HN- E agora que a situação epidemiológica está sob controlo, quais os novos desafios identifica nestas unidades?
FO- O serviço de urgência sempre foi um serviço cheio de desafios. Neste momento estamos receber doentes que agravaram as suas doenças por causa do medo de se dirigir aos hospitais. Estamos a tentar ir atrás do prejuízo. É um desafio enorme tentar recuperar o tempo perdido.
HN- Tendo em conta que os enfermeiros se deparam com doentes em situação crítica e que, em contexto de cuidados intensivos, a sépsis é uma das principais causas de morbilidade e mortalidade. Qual o papel do enfermeiro na gestão dos cuidados destes doentes?
FO- O diagnóstico da sépsis é feito e deve ser feito muito precocemente. O enfermeiro tem um papel importante na triagem do doente e, portanto, o profissional de saúde deve conhecer perfeitamente as guidelines da via verde sépsis (é com base nestas informações que orientamos o controlo dos doentes). O enfermeiro tem ser capaz de perceber quando os sinais e sintomas apontam para um quadro de sépsis.
HN- Qual a sua experiência e participação na via verde da Sépsis?
FO- Teoricamente o enfermeiro será o primeiro que estará desperto para os sinais e sintomas na triagem, salas de reanimação e até nos balções.
Todos os dias identificamos e fazemos o encaminhamento destes doentes. É um trabalho multidisciplinar, a via verde assim o impõe. Quanto mais rápido o tratamento for implementado, menos rápido será deterioramento da doença.
HN- No período mais crítico da pandemia foi implementado algum protocolo de reforço da via verde da sepsis para garantir o diagnóstico mais rápido deste tipo de infeções?
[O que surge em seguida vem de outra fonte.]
(* Let Assumptions A1 and A2 hold, $\kappa>1$, and run Algorithm PBA with $\alpha = \frac{1}{L}$, $\eta = \frac{\sqrt{\kappa}-1}{\sqrt{\kappa}+1}$, $0<\beta \le \frac{1}{2}(L_\Phi + \Gamma + \kappa^2)^{-1}$, and $T \ge \frac{\ln(8(1+\kappa))}{\ln((1-\kappa^{-1/2})^{-1})}$. Then the sequence $\{(x_k,y_k)\}_k$ satisfies: 1. $\|x_{k+1}-x_k\|\to 0$ and $\|y_{k+1}-y^*(x_k)\|\to 0$ as $k\to\infty$; 2. $\{(\Phi+h)(x_k)\}_k$ converges to a finite limit $H^* > -\infty$; 3. $\{(x_k,y_k)\}_k$ is bounded and has a compact set of limit points, and $(\Phi+h)(x^* ) = H^*$ for every limit point $x^*$ of $\{x_k\}_k$; 4. every limit point $x^*$ of $\{x_k\}_k$ is a critical point of $\Phi+h$, i.e. $\mathbf{0}\in\partial(\Phi+h)(x^* )$, where $\partial$ is the limiting subdifferential.
   Context: Problem: $\min_{x\in\mathbb{R}^d} \Phi(x)+h(x)$ where $\Phi(x) := f(x,y^*(x))$ and $y^*(x) := \arg\min_{y\in\mathbb{R}^p} g(x,y)$, with $f,g:\mathbb{R}^d\times\mathbb{R}^p\to\mathbb{R}$ jointly continuously differentiable. Write $z=(x,y)$. Assumption A1: (1) $g(x,\cdot)$ is $\mu$-strongly convex for every $x$ ($\Phi$ may be nonconvex); (2) $h:\mathbb{R}^d\to\mathbb{R}\cup\{+\infty\}$ is proper and lower-semicontinuous (possibly nonsmooth and nonconvex); (3) $\Phi+h$ is bounded below and has bounded sub-level sets. Assumption A2: (1) $f$ is $M$-Lipschitz, and $\nabla f$ and $\nabla g$ are $L$-Lipschitz (in $z$); (2) the Jacobian $\nabla_x\nabla_y g$ is $\tau$-Lipschitz and the Hessian $\nabla_y^2 g$ is $\rho$-Lipschitz (in $z$). Set $\kappa = L/\mu$, $L_\Phi = L + \frac{2L^2+\tau M^2}{\mu} + \frac{\rho L M + L^3 + \tau M L}{\mu^2} + \frac{\rho L^2 M}{\mu^3}$, and $\Gamma = 3L^2 + \frac{3\tau^2M^2}{\mu^2} + 6L^2(1+\sqrt{\kappa})^2\big(\kappa + \frac{\rho M}{\mu^2}\big)^2$. Proximal map: $\mathrm{prox}_{\beta h}(v) := \arg\min_u \{\beta h(u) + \frac12\|u-v\|^2\}$ (possibly set-valued). Algorithm PBA (proximal BiO-AIDm) with parameters $\alpha,\beta,\eta>0$, $T\in\mathbb{N}$, initial $x_0,y_0$: for $k=0,1,2,\dots$: set $y^0(x_k,y_k)=u_0=y_k$; for $t=1,\dots,T$: $u_t = y^{t-1}(x_k,y_k) - \alpha\nabla_y g(x_k, y^{t-1}(x_k,y_k))$, $y^t(x_k,y_k) = u_t + \eta(u_t - u_{t-1})$; set $y_{k+1} = y^T(x_k,y_k)$; compute $\widehat\nabla\Phi(x_k) = \nabla_x f(x_k,y_{k+1}) - \nabla_x\nabla_y g(x_k,y_{k+1})\hat v_k$ where $\hat v_k$ is the exact solution of $\nabla_y^2 g(x_k,y_{k+1})v = \nabla_y f(x_k,y_{k+1})$; update $x_{k+1}\in \mathrm{prox}_{\beta h}(x_k - \beta\widehat\nabla\Phi(x_k))$. Limiting subdifferential: the Fréchet subdifferential of $F$ at $x$ is $\widehat\partial F(x) = \{u: \liminf_{z\to x, z\ne x} \frac{F(z)-F(x)-u^\top(z-x)}{\|z-x\|}\ge 0\}$; the limiting subdifferential $\partial F(x)$ is the set of $u$ such that there exist $x_k\to x$ with $F(x_k)\to F(x)$ and $u_k\in\widehat\partial F(x_k)$ with $u_k\to u$. A critical point of $F$ is an $x$ with $\mathbf{0}\in\partial F(x)$. *)

theory Defs
  imports "HOL-Analysis.Analysis"
begin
FO- No meu caso não identifico nenhum protocolo mais rápido do que a via verde sépsis. Penso que nada se implementou de diferente, simplesmente se manteve e bem. A Covid-19 não era a única doença que existia e, por isso, o protocolo da via verde sépsis foi mantido e implementado sempre que foi necessário.
HN- Considera que o papel dos enfermeiros é agora enaltecido devido ao seu trabalho no combate à Covid-19?
FO- Tivemos muitas demonstrações de carinho por toda a população, mas tenho um pouco de medo que as pessoas tenham uma memória curta. De qualquer forma quero crer que as pessoas têm uma visão dos enfermeiros reforçada porque perceberam que somos e fomos fundamentais nos hospitais. O enfermeiro é o pilar dos cuidados de saúde e acho que as pessoas tiveram essa noção. Penso que o respeito e a admiração ficaram patentes e espero que mantenham essa visão. Não foi só para a pandemia que estivemos disponíveis… Estivemos e estamos cá sempre do lado deles porque o doente sempre será o nosso principal foco de atenção.